In probability theory, when we assert that two events are independent, we intuitively mean that knowing whether or not one of them occurred makes it neither more probable nor less probable that the other occurred. For example, the events "today is Tuesday" and "it rains today" are independent.

Similarly, when we assert that two random variables are independent, we intuitively mean that knowing something about the value of one of them does not yield any information about the value of the other. For instance, the height of a person and their IQ are independent random variables. Another typical example of two independent variables is given by repeating an experiment: roll a die twice, let X be the number you get the first time, and Y the number you get the second time. These two variables are independent.

Independent events

We define two events E1 and E2 of a probability space to be independent iff

P(E1E2) = P(E1) · P(E2).
Here E1E2 (the intersection of E1 and E2) is the event that E1 and E2 both occur; P denotes the probability of an event.

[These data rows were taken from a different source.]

lemma sums_swap_dominated:
  fixes f :: "nat \<Rightarrow> nat \<Rightarrow> real"
  assumes bound: "\<And>r m. \<bar>f r m\<bar> \<le> A r * B m" and A: "summable A" and B: "summable B"
    and A0: "\<And>r. 0 \<le> A r" and B0: "\<And>m. 0 \<le> B m"
    and row: "\<And>r. (\<lambda>m. f r m) sums g r" and col: "\<And>m. (\<lambda>r. f r m) sums h m"
    and g: "g sums s"
  shows "h sums s"
proof -
  have AB_rows: "((\<lambda>m. A r * B m) has_sum (A r * suminf B)) UNIV" for r
    using A0 B0 by (intro sums_nonneg_imp_has_sum sums_mult summable_sums B) (simp add: mult_nonneg_nonneg)
  have AB_nonneg: "0 \<le> A r * B m" for r m
    using A0 B0 by simp
  have rows: "(\<lambda>m. norm (A r * B m)) summable_on UNIV" for r
    using AB_rows[of r] AB_nonneg by (auto intro: has_sum_imp_summable)
  have "(\<lambda>r. A r * suminf B) summable_on UNIV"
    using A0 suminf_nonneg[OF B B0] by (intro summable_nonneg_imp_summable_on summable_mult2 A) auto
  then have cols: "(\<lambda>r. norm (\<Sum>\<^sub>\<infinity>m. norm (A r * B m))) summable_on UNIV"
    using A0 suminf_nonneg[OF B B0] AB_nonneg infsumI[OF AB_rows] by simp
  have AB: "Infinite_Sum.abs_summable_on (\<lambda>(r, m). A r * B m) (UNIV \<times> UNIV)"
    using rows cols by (intro Infinite_Sum.abs_summable_on_Sigma_iff[THEN iffD2]) simp
  have f_le: "\<bar>f r m\<bar> \<le> \<bar>A r * B m\<bar>" for r m
    using bound[of r m] AB_nonneg[of r m] by linarith
  have "Infinite_Sum.abs_summable_on (\<lambda>(r, m). f r m) (UNIV \<times> UNIV)"
    by (rule Infinite_Sum.abs_summable_on_comparison_test[OF AB]) (clarsimp, rule f_le)
  then have "(\<lambda>(r, m). f r m) summable_on UNIV \<times> UNIV"
    by (rule abs_summable_summable)
  then obtain S where S: "((\<lambda>(r, m). f r m) has_sum S) (UNIV \<times> UNIV)"
    by (auto simp: summable_on_def)
  have row': "((\<lambda>m. f r m) has_sum g r) UNIV" for r
    by (intro norm_summable_imp_has_sum row summable_comparison_test'[OF summable_mult[OF B, of "A r"]])
       (use bound in auto)
  have col': "((\<lambda>r. f r m) has_sum h m) UNIV" for m
    by (intro norm_summable_imp_has_sum col summable_comparison_test'[OF summable_mult2[OF A, of "B m"]])
       (use bound in auto)
  have "(g has_sum S) UNIV"
    by (rule has_sum_SigmaD[OF S]) (simp add: row')
  then have "S = s"
    using g has_sum_imp_sums sums_unique2 by blast
  have "((\<lambda>(m, r). f r m) has_sum S) (UNIV \<times> UNIV)"
    using S by (subst (asm) has_sum_swap) simp
  then have "(h has_sum S) UNIV"
    by (rule has_sum_SigmaD) (simp_all add: col')
  then show ?thesis
    using \<open>S = s\<close> has_sum_imp_sums by blast
qed

lemma powser_coeffs_unique_at_right:
  fixes a b :: "nat \<Rightarrow> real"
  assumes "0 < e"
    and a: "\<And>u. 0 < u \<Longrightarrow> u < e \<Longrightarrow> (\<lambda>m. a m * u ^ m) sums F u"
    and b: "\<And>u. 0 < u \<Longrightarrow> u < e \<Longrightarrow> (\<lambda>m. b m * u ^ m) sums F u"
  shows "a = b"
proof -
  define d where "d m = a m - b m" for m
  have d_sums: "(\<lambda>m. d m * u ^ m) sums 0" if "0 < u" "u < e" for u
    using sums_diff[OF a[OF that] b[OF that]] by (simp add: d_def algebra_simps)
  have "d m = 0" for m
  proof (induction m rule: less_induct)
    case (less m)
    \<comment> \<open>With the lower coefficients gone, the tail divided by u^m is a power series vanishing on
      (0, e), so its constant term d m is zero by continuity at 0.\<close>
    have tail: "(\<lambda>i. d (i + m) * u ^ i) sums 0" if u: "0 < u" "u < e" for u
    proof -
      have "(\<lambda>i. d (i + m) * u ^ (i + m)) sums 0"
        using sums_iff_shift[of "\<lambda>i. d i * u ^ i" m 0] d_sums[OF u] less by simp
      then have "(\<lambda>i. d (i + m) * u ^ (i + m) * (1 / u ^ m)) sums (0 * (1 / u ^ m))"
        by (rule sums_mult2)
      then show ?thesis
        using u by (simp add: power_add)
    qed
    define g where "g u = (\<Sum>i. d (i + m) * u ^ i)" for u :: real
    have summable: "summable (\<lambda>i. d (i + m) * (e / 2) ^ i)"
      using tail[of "e / 2"] \<open>0 < e\<close> by (simp add: sums_iff)
    have "isCont g 0"
      unfolding g_def by (rule isCont_powser[OF summable]) (use \<open>0 < e\<close> in simp)
    then have lim_g0: "(g \<longlongrightarrow> g 0) (at_right 0)"
      by (simp add: isCont_def filterlim_at_split)
    have "eventually (\<lambda>u. g u = 0) (at_right 0)"
      unfolding eventually_at_right_field
      using \<open>0 < e\<close> tail by (auto simp: g_def sums_iff intro!: exI[of _ e])
    then have "(g \<longlongrightarrow> 0) (at_right 0)"
      by (rule tendsto_eventually)
    with lim_g0 have "g 0 = 0"
      using tendsto_unique trivial_limit_at_right_real by blast
    then show ?case
      using powser_zero[of "\<lambda>i. d (i + m)"] by (simp add: g_def)
  qed
  then show ?thesis
    by (auto simp: d_def)
qed

text \<open>The coefficient of u^m in exp (- c t (1 - u) powr a), obtained by expanding the exponential
  in t and each power of 1 - u by the generalised binomial theorem. For c = lam powr a it is the
  probability that a Poisson process of rate lam, evaluated at an a-stable subordinator at time t,
  equals m.\<close>

definition stable_poisson_coeff :: "real \<Rightarrow> real \<Rightarrow> nat \<Rightarrow> nat \<Rightarrow> real" where
  "stable_poisson_coeff a c m r = (- c) ^ r / fact r * ((-1) ^ m * ((a * real r) gchoose m))"

definition stable_poisson_prob :: "real \<Rightarrow> real \<Rightarrow> nat \<Rightarrow> real \<Rightarrow> real" where
  "stable_poisson_prob a c m t = (\<Sum>r. stable_poisson_coeff a c m r * t ^ r)"

lemma abs_stable_poisson_coeff_le:
  assumes "0 \<le> a" "a \<le> 1"
  shows "\<bar>stable_poisson_coeff a c m r * t ^ r\<bar> \<le> 2 ^ m * ((2 * \<bar>c\<bar> * \<bar>t\<bar>) ^ r / fact r)"
proof -
  have gbinomial_le: "\<bar>(a * real r) gchoose m\<bar> \<le> 2 ^ (r + m)"
    using assms by (intro abs_gbinomial_le_power2) (auto intro: mult_left_le_one_le)
  have "\<bar>stable_poisson_coeff a c m r * t ^ r\<bar>
      = \<bar>c\<bar> ^ r / fact r * \<bar>(a * real r) gchoose m\<bar> * \<bar>t\<bar> ^ r"
    by (simp add: stable_poisson_coeff_def abs_mult power_abs)
  also have "\<dots> \<le> \<bar>c\<bar> ^ r / fact r * 2 ^ (r + m) * \<bar>t\<bar> ^ r"
    using gbinomial_le by (intro mult_right_mono mult_left_mono) auto
  also have "\<dots> = 2 ^ m * ((2 * \<bar>c\<bar> * \<bar>t\<bar>) ^ r / fact r)"
    by (simp add: power_add power_mult_distrib field_simps)
  finally show ?thesis .
qed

If P(E2) ≠ 0, then the independence of E1 and E2 can also be expressed with conditional probabilities:

P(E1 | E2) = P(E1)
which is closer to the intuition given above: the information that E2 happened does not change our estimate of the probability of E1.

If we have more than two events, then pairwise independence is insufficient to capture the intuitive sense of independence. So a set S of events is said to be independent if every finite nonempty subset { E1, ..., En } of S satisfies

P(E1 ∩ ... ∩ En) = P(E1) · ... · P(En).

This is called the multiplication rule for independent events.

Independent random variables

We define random variables X and Y to be independent if

Pr[(X in A) & (Y in B)] = Pr[X in A] · Pr[Y in B]
for A and B any Borel subsets of the real numbers.

If X and Y are independent, then the expectation operator has the nice property

E[X· Y] = E[X] · E[Y]
and for the variance we have
Var(X + Y) = Var(X) + Var(Y).

Furthermore, if X and Y are independent and have probability densities fX(x)and fY(y), then (X,Y) has a joint density of
fXY(x,y)dx dy = fX(x)dx fY(y)dy.

Still need to deal with independence of sets of more than 2 random variables.